東大が現在、授業料の引き上げを検討している。最近の物価、光熱費の高騰が背景にある。中教審の特別部会も大学など高等教育機関の教育費負担について年度内に答申する方針で、大学の授業料を巡る動きが活発になっている。
国立大の授業料は文部科学省令が定める「標準額」の年間53万5800円で、20年近く据え置かれたままだ。ただ各大学は標準額の20%増まで引き上げ可能で、東京工業大や一橋大、千葉大など一部の大学はすでに値上げしている。
国立大は、授業料を低く抑え、経済的に苦しい世帯の子どもなどが高等教育を受ける機会を保障してきた。地元に進学先のない地方の若者などは自宅から通学できない場合、住居費や生活費なども負担になる。物価高に加え、授業料も値上げとなれば、進学を諦める若者などが生じかねない。

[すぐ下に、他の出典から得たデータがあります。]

lemma principal_multiple_m: "principal_multiple f d (-1, y\<^sub>0) m"
proof -
  have nonzero: "torsion_fun 0 \<noteq> 0" "torsion_fun 1 \<noteq> 0"
    using v_minus_one zeta_nonzero by (auto simp: torsion_fun_def)
  then have "\<exists>j<d. torsion_fun j \<noteq> 0"
    using d_ge_2 by (intro exI[of _ 0]) simp
  moreover have "pole_order_at_O f d torsion_fun = max (d * degree v) (d * e + n)"
    using pole_order_at_O_linear[OF d_ge_2, of torsion_fun] nonzero zeta_nonzero degree_f
    by (simp add: torsion_fun_def degree_linear_power)
  ultimately show ?thesis
    unfolding principal_multiple_def using d_ge_2 torsion_fun_zero_iff degree_v m_eq
    by (intro exI[of _ torsion_fun]) (auto simp: mult.commute)
qed

lemma e_d_less_n:
  assumes "3 \<le> d"
  shows "e * d < n"
proof (cases "e = 0")
  case False
  then have "3 \<le> d * e"
    using assms mult_le_mono[of 3 d 1 e] by simp
  moreover have "3 * (d * e - 1) \<le> d * (d * e - 1)"
    using assms by (rule mult_le_mono1)
  ultimately show ?thesis
    using m_large m_eq mult.commute[of e d] by linarith
qed (use d_less_n in simp)

lemma d_not_dvd_n: "\<not> d dvd n"
  using coprime_common_divisor[OF coprime_n_d _ dvd_refl] d_ge_2 by auto
(* Let $D$ be a normalized 2-page book drawing of $K_n$, let $D_1$ be the drawing of $K_{n-1}$ obtained by deleting vertex $n$ and its incident edges, and let $p$ be an integer with $0\le p\le\lfloor n/2\rfloor-2$. Suppose that $E_{\le k}(D,D_1)=\binom{k+2}2$ for all $0\le k\le p$. Then for each $1\le i\le p+1$, row $i$ of $M(D)$ contains exactly one entry representing a $(D,D_1)$-invariant $k$-edge for each $k$ with $i-1\le k\le p$, and no entry representing a $(D,D_1)$-invariant $j$-edge with $j\le i-2$; and every row $i$ with $i\ge p+2$ contains no entry representing a $(D,D_1)$-invariant $j$-edge with $j\le p$.
   Context: Normalized 2-page book drawing of $K_n$: vertices $(1,0),\dots,(n,0)$ labelled $1,\dots,n$; edges $i(i+1)$ on the spine; edge $1n$ in the upper half-plane; every other edge $ij$ a semicircle over $[i,j]$ in the upper or lower half-plane. $M(D)$ has entries $(i,j)$, $1\le i<j\le n$ (row $i$, column $j$), entry $(i,j)$ representing edge $ij$. In a good drawing of $K_m$, for distinct vertices $p,q,r$, $r$ is on the left (right) of $\overrightarrow{pq}$ if the triangle with edges $pq,qr,rp$ traced in order $p,q,r$ is counterclockwise (clockwise); an edge is a $k$-edge if exactly $k$ of the other $m-2$ vertices lie on one side of it, and it has a unique such index in $\{0,\dots,\lfloor m/2\rfloor-1\}$. An edge $ij$ of $D$ not incident to $n$ is a $(D,D_1)$-invariant $k$-edge if its index in $D$ is $k$ and it is also a $k$-edge in $D_1$ (exactly $k$ vertices of $D_1$ on one side). $E_{\le k}(D,D_1)$ is the number of $(D,D_1)$-invariant $j$-edges with $0\le j\le k$. *)

theory Defs
  imports Main
begin

text \<open>A 2-page book drawing of K_n with vertices 1..n on the spine (in this order)
is encoded by a predicate up: for i < j, up i j says that the edge ij is drawn as a
semicircle in the upper half-plane (otherwise in the lower half-plane).  For spine
edges i(i+1) the value of up is irrelevant (never consulted).\<close>

definition normalized_book_drawing :: "nat \<Rightarrow> (nat \<Rightarrow> nat \<Rightarrow> bool) \<Rightarrow> bool" where
  "normalized_book_drawing n up \<longleftrightarrow> 3 \<le> n \<and> up 1 n"

text \<open>With a < b < c the sorted vertices, traversing a,b,c goes rightwards along the edges
ab, bc and returns along the arc ac; this is counterclockwise iff ac is in the upper
page.  Cyclic shifts keep the orientation, other permutations reverse it.\<close>

definition ccw_book :: "(nat \<Rightarrow> nat \<Rightarrow> bool) \<Rightarrow> nat \<Rightarrow> nat \<Rightarrow> nat \<Rightarrow> bool" where
  "ccw_book up p q r =
     (let a = min p (min q r); c = max p (max q r) in
      if (p < q \<and> q < r) \<or> (q < r \<and> r < p) \<or> (r < p \<and> p < q) then up a c else \<not> up a c)"

definition left_count :: "(nat \<Rightarrow> nat \<Rightarrow> bool) \<Rightarrow> nat set \<Rightarrow> nat \<Rightarrow> nat \<Rightarrow> nat" where
  "left_count up V p q = card {r \<in> V - {p, q}. ccw_book up p q r}"

definition is_kedge :: "(nat \<Rightarrow> nat \<Rightarrow> bool) \<Rightarrow> nat set \<Rightarrow> nat \<Rightarrow> nat \<Rightarrow> nat \<Rightarrow> bool" where
  "is_kedge up V k p q \<longleftrightarrow>
     left_count up V p q = k \<or> card V - 2 - left_count up V p q = k"

definition edge_index :: "(nat \<Rightarrow> nat \<Rightarrow> bool) \<Rightarrow> nat set \<Rightarrow> nat \<Rightarrow> nat \<Rightarrow> nat" where
  "edge_index up V p q = min (left_count up V p q) (card V - 2 - left_count up V p q)"

definition inv_kedge :: "nat \<Rightarrow> (nat \<Rightarrow> nat \<Rightarrow> bool) \<Rightarrow> nat \<Rightarrow> nat \<Rightarrow> nat \<Rightarrow> bool" where
  "inv_kedge n up k i j \<longleftrightarrow>
     1 \<le> i \<and> i < j \<and> j < n \<and>
     edge_index up {1..n} i j = k \<and> is_kedge up {1..n-1} k i j"

definition E_le :: "nat \<Rightarrow> (nat \<Rightarrow> nat \<Rightarrow> bool) \<Rightarrow> nat \<Rightarrow> nat" where
  "E_le n up k = card {(i, j). \<exists>k'\<le>k. inv_kedge n up k' i j}"

end

theory Submission
  imports Defs
begin

text \<open>For \<open>i < j < n\<close> the triangle \<open>i, j, n\<close> is counterclockwise exactly when the arc \<open>in\<close>
is on the upper page, so \<open>up i n\<close> tells on which side of \<open>ij\<close> the vertex \<open>n\<close> lies.  As long as
\<open>2k + 4 \<le> n\<close>, the edge \<open>ij\<close> is a \<open>(D,D\<^sub>1)\<close>-invariant \<open>k\<close>-edge exactly when \<open>k\<close> vertices of
\<open>D\<^sub>1\<close> lie on the side of \<open>ij\<close> opposite to \<open>n\<close>.  Sorting the vertices right of \<open>i\<close> by a
suitable key shows that row \<open>i\<close> has at least \<open>k + 2 - i\<close> entries with at most \<open>k\<close> such
vertices, so \<open>E\<^sub>\<le>\<^sub>k(D,D\<^sub>1) \<ge> C(k+2,2)\<close>.  The hypothesis forces equality in every row, and
taking differences in \<open>k\<close> gives exactly one invariant \<open>k\<close>-edge per row \<open>i \<le> k + 1\<close>.\<close>

lemma sum_descending_eq_choose_two:
  assumes "k + 2 \<le> m"
  shows "(\<Sum>i = 1..<m. k + 2 - i) = (k + 2) choose 2"
proof -
  have "(\<Sum>i = 1..<m. k + 2 - i) = (\<Sum>i = 1..k + 1. k + 2 - i)"
    using assms by (intro sum.mono_neutral_right) auto
  also have "\<dots> = (\<Sum>i = 1..k + 1. i)"
    by (rule sum.reindex_bij_witness[of _ "\<lambda>i. k + 2 - i" "\<lambda>i. k + 2 - i"]) auto
  also have "\<dots> = (\<Sum>i\<le>k + 1. i choose 1)"
    by (rule sum.mono_neutral_cong_left) auto
  also have "\<dots> = (k + 2) choose 2"
    by (subst sum_choose_upper) (simp add: numeral_2_eq_2)
  finally show ?thesis .
qed

lemma card_rank_less:
  fixes f :: "'a \<Rightarrow> 'b::linorder"
  assumes "finite A" "inj_on f A"
  shows "card {x \<in> A. card {y \<in> A. f y < f x} < c} = min c (card A)"
proof -
  define rank where "rank x = card {y \<in> A. f y < f x}" for x
  have rank_mono: "rank x < rank y" if "x \<in> A" "y \<in> A" "f x < f y" for x y
    unfolding rank_def using that assms(1) by (intro psubset_card_mono) auto
  have "inj_on rank A"
  proof (rule inj_onI)
    fix x y assume "x \<in> A" "y \<in> A" "rank x = rank y"
    then show "x = y"
      using rank_mono[of x y] rank_mono[of y x] assms(2) by (metis inj_onD linorder_cases less_irrefl)
  qed
  moreover have "rank ` A \<subseteq> {..<card A}"
    unfolding rank_def using assms(1) by (auto intro!: psubset_card_mono)
  ultimately have image: "rank ` A = {..<card A}"
    by (intro card_subset_eq) (auto simp: card_image)
  have "card {x \<in> A. rank x < c} = card (rank ` {x \<in> A. rank x < c})"
    using \<open>inj_on rank A\<close> by (intro card_image[symmetric]) (auto intro: inj_on_subset)
  also have "rank ` {x \<in> A. rank x < c} = rank ` A \<inter> {..<c}"
    by auto
  also have "\<dots> = {..<min c (card A)}"
    unfolding image by auto
  finally show ?thesis by (simp add: rank_def)
qed

definition opposite_count :: "nat \<Rightarrow> (nat \<Rightarrow> nat \<Rightarrow> bool) \<Rightarrow> nat \<Rightarrow> nat \<Rightarrow> nat" where
  "opposite_count n up i j = card {r \<in> {1..n-1} - {i, j}. ccw_book up i j r \<noteq> up i n}"

lemma ccw_book_right: "i < j \<Longrightarrow> j < r \<Longrightarrow> ccw_book up i j r = up i r"
  by (simp add: ccw_book_def Let_def min_def max_def)

lemma ccw_book_between: "i < r \<Longrightarrow> r < j \<Longrightarrow> ccw_book up i j r = (\<not> up i j)"
  by (auto simp add: ccw_book_def Let_def min_def max_def)

lemma inv_kedgeD: "inv_kedge n up k i j \<Longrightarrow> 1 \<le> i \<and> i < j \<and> j < n"
  unfolding inv_kedge_def by blast

lemma inv_kedge_unique_index: "inv_kedge n up k i j \<Longrightarrow> inv_kedge n up k' i j \<Longrightarrow> k = k'"
  unfolding inv_kedge_def by blast

lemma inv_kedge_iff_opposite_count:
  assumes "2 * k + 4 \<le> n" and ij: "1 \<le> i" "i < j" "j < n"
  shows "inv_kedge n up k i j \<longleftrightarrow> opposite_count n up i j = k"
proof -
  define X where "X = {1..n-1} - {i, j}"
  define L where "L = card {r \<in> X. ccw_book up i j r}"
  have finX: "finite X" and cardX: "card X = n - 3"
    using ij by (auto simp: X_def card_Diff_subset)
  have "L \<le> n - 3"
    unfolding L_def using finX cardX by (metis (no_types, lifting) card_mono mem_Collect_eq subsetI)
  have "{1..n} - {i, j} = insert n X" "n \<notin> X"
    using ij by (auto simp: X_def)
  moreover have "ccw_book up i j n = up i n"
    using ij by (simp add: ccw_book_right)
  ultimately have "{r \<in> {1..n} - {i, j}. ccw_book up i j r} =
      (if up i n then insert n {r \<in> X. ccw_book up i j r} else {r \<in> X. ccw_book up i j r})"
    by auto
  then have left_D: "left_count up {1..n} i j = L + (if up i n then 1 else 0)"
    unfolding left_count_def L_def using finX \<open>n \<notin> X\<close> by simp
  have left_D1: "left_count up {1..n-1} i j = L"
    by (simp add: left_count_def L_def X_def)
  have opposite: "opposite_count n up i j = (if up i n then n - 3 - L else L)"
  proof (cases "up i n")
    case True
    then have "{r \<in> X. ccw_book up i j r \<noteq> up i n} = X - {r \<in> X. ccw_book up i j r}"
      by auto
    then show ?thesis
      using True finX cardX unfolding opposite_count_def X_def[symmetric] L_def
      by (simp add: card_Diff_subset)
  qed (simp add: opposite_count_def L_def X_def)
  have "inv_kedge n up k i j \<longleftrightarrow>
      min (left_count up {1..n} i j) (n - 2 - left_count up {1..n} i j) = k \<and> (L = k \<or> n - 3 - L = k)"
    using ij left_D1 unfolding inv_kedge_def edge_index_def is_kedge_def
    by (simp add: numeral_3_eq_3)
  then show ?thesis
    using left_D opposite \<open>L \<le> n - 3\<close> assms(1) by (cases "up i n") (simp_all, linarith+)
qed

text \<open>Vertices \<open>j > i\<close> whose arc \<open>ij\<close> lies on the page of \<open>in\<close> get a positive key, the others a
negative one; a vertex between \<open>i\<close> and \<open>j\<close> or right of \<open>j\<close> that lies opposite to \<open>n\<close> with
respect to \<open>ij\<close> then has a smaller key than \<open>j\<close>.\<close>

definition row_key :: "nat \<Rightarrow> (nat \<Rightarrow> nat \<Rightarrow> bool) \<Rightarrow> nat \<Rightarrow> nat \<Rightarrow> int" where
  "row_key n up i j = (if up i j \<noteq> up i n then - int j else int j)"

lemma opposite_count_le_rank:
  assumes "i < j" "j < n"
  shows "opposite_count n up i j \<le> (i - 1) + card {r \<in> {i<..<n}. row_key n up i r < row_key n up i j}"
proof -
  have "{r \<in> {1..n-1} - {i, j}. ccw_book up i j r \<noteq> up i n} \<subseteq>
      {1..<i} \<union> {r \<in> {i<..<n}. row_key n up i r < row_key n up i j}"
  proof
    fix r assume r: "r \<in> {r \<in> {1..n-1} - {i, j}. ccw_book up i j r \<noteq> up i n}"
    then have "1 \<le> r" "r < n" "r \<noteq> i" "r \<noteq> j" and opposite: "ccw_book up i j r \<noteq> up i n"
      by auto
    consider "r < i" | "i < r" "r < j" | "j < r"
      using \<open>r \<noteq> i\<close> \<open>r \<noteq> j\<close> by linarith
    then show "r \<in> {1..<i} \<union> {r \<in> {i<..<n}. row_key n up i r < row_key n up i j}"
    proof cases
      case 1
      then show ?thesis using \<open>1 \<le> r\<close> by auto
    next
      case 2
      then have "up i j = up i n"
        using opposite ccw_book_between[of i r j up] by auto
      then have "row_key n up i j = int j" "row_key n up i r \<le> int r"
        by (simp_all add: row_key_def)
      then show ?thesis using 2 \<open>r < n\<close> by auto
    next
      case 3
      then have "up i r \<noteq> up i n"
        using opposite ccw_book_right[of i j r up] assms by auto
      then have "row_key n up i r = - int r" "- int j \<le> row_key n up i j"
        by (simp_all add: row_key_def)
      then show ?thesis using 3 assms \<open>r < n\<close> by auto
    qed
  qed
  then have "opposite_count n up i j \<le> card ({1..<i} \<union> {r \<in> {i<..<n}. row_key n up i r < row_key n up i j})"
    unfolding opposite_count_def by (rule card_mono[rotated]) simp
  also have "\<dots> \<le> (i - 1) + card {r \<in> {i<..<n}. row_key n up i r < row_key n up i j}"
    using card_Un_le[of "{1..<i}"] by simp
  finally show ?thesis .
qed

東大は上限までの引き上げを検討している。判断結果は多くの大学に波及するとみられる。東大は他大学への影響なども考慮し、慎重に検討してもらいたい。
国立大法人の主要な収入源となる国からの運営費交付金は、2004年の法人化に伴う制度導入以来、国の財政難を背景に約1割減っている。さらに物価高などが経営を圧迫しており、国立大学協会は6月、国立大の財務状況は「もう限界」と訴える声明を出した。
大学は人材育成だけでなく、地域の研究拠点などとして産学連携の役割も担っている。国は各大学の財政状況を踏まえ、交付金を増額するなどの対応が急務だ。
授業料の引き上げの動きは私立も同様だ。文科省の調査によると、昨年度の私立大授業料は平均で95万9205円に上り、毎年のように増額を続けている。
国は国公私立を問わず、昨年度から低所得世帯や多子世帯を対象に、授業料などを減免する制度の拡充を行っている。しかし対象は一部に限られる。支援措置の対象拡大などを検討する必要がある。
文科省の推計では、昨年時点で63万人いた大学入学者は、40年には2割減少する。少子化に伴い、大学経営がさらに厳しくなるのは避けられない状況だ。
最近は企業との共同研究で収入を得る大学もある。しかし海外に比べ、日本は民間資金の投入、寄付が少ない。日本の大学の国際競争力の低下が懸念されて久しい。政府や大学だけでなく、産業界なども巻き込んで、大学運営の在り方について考える時期だ。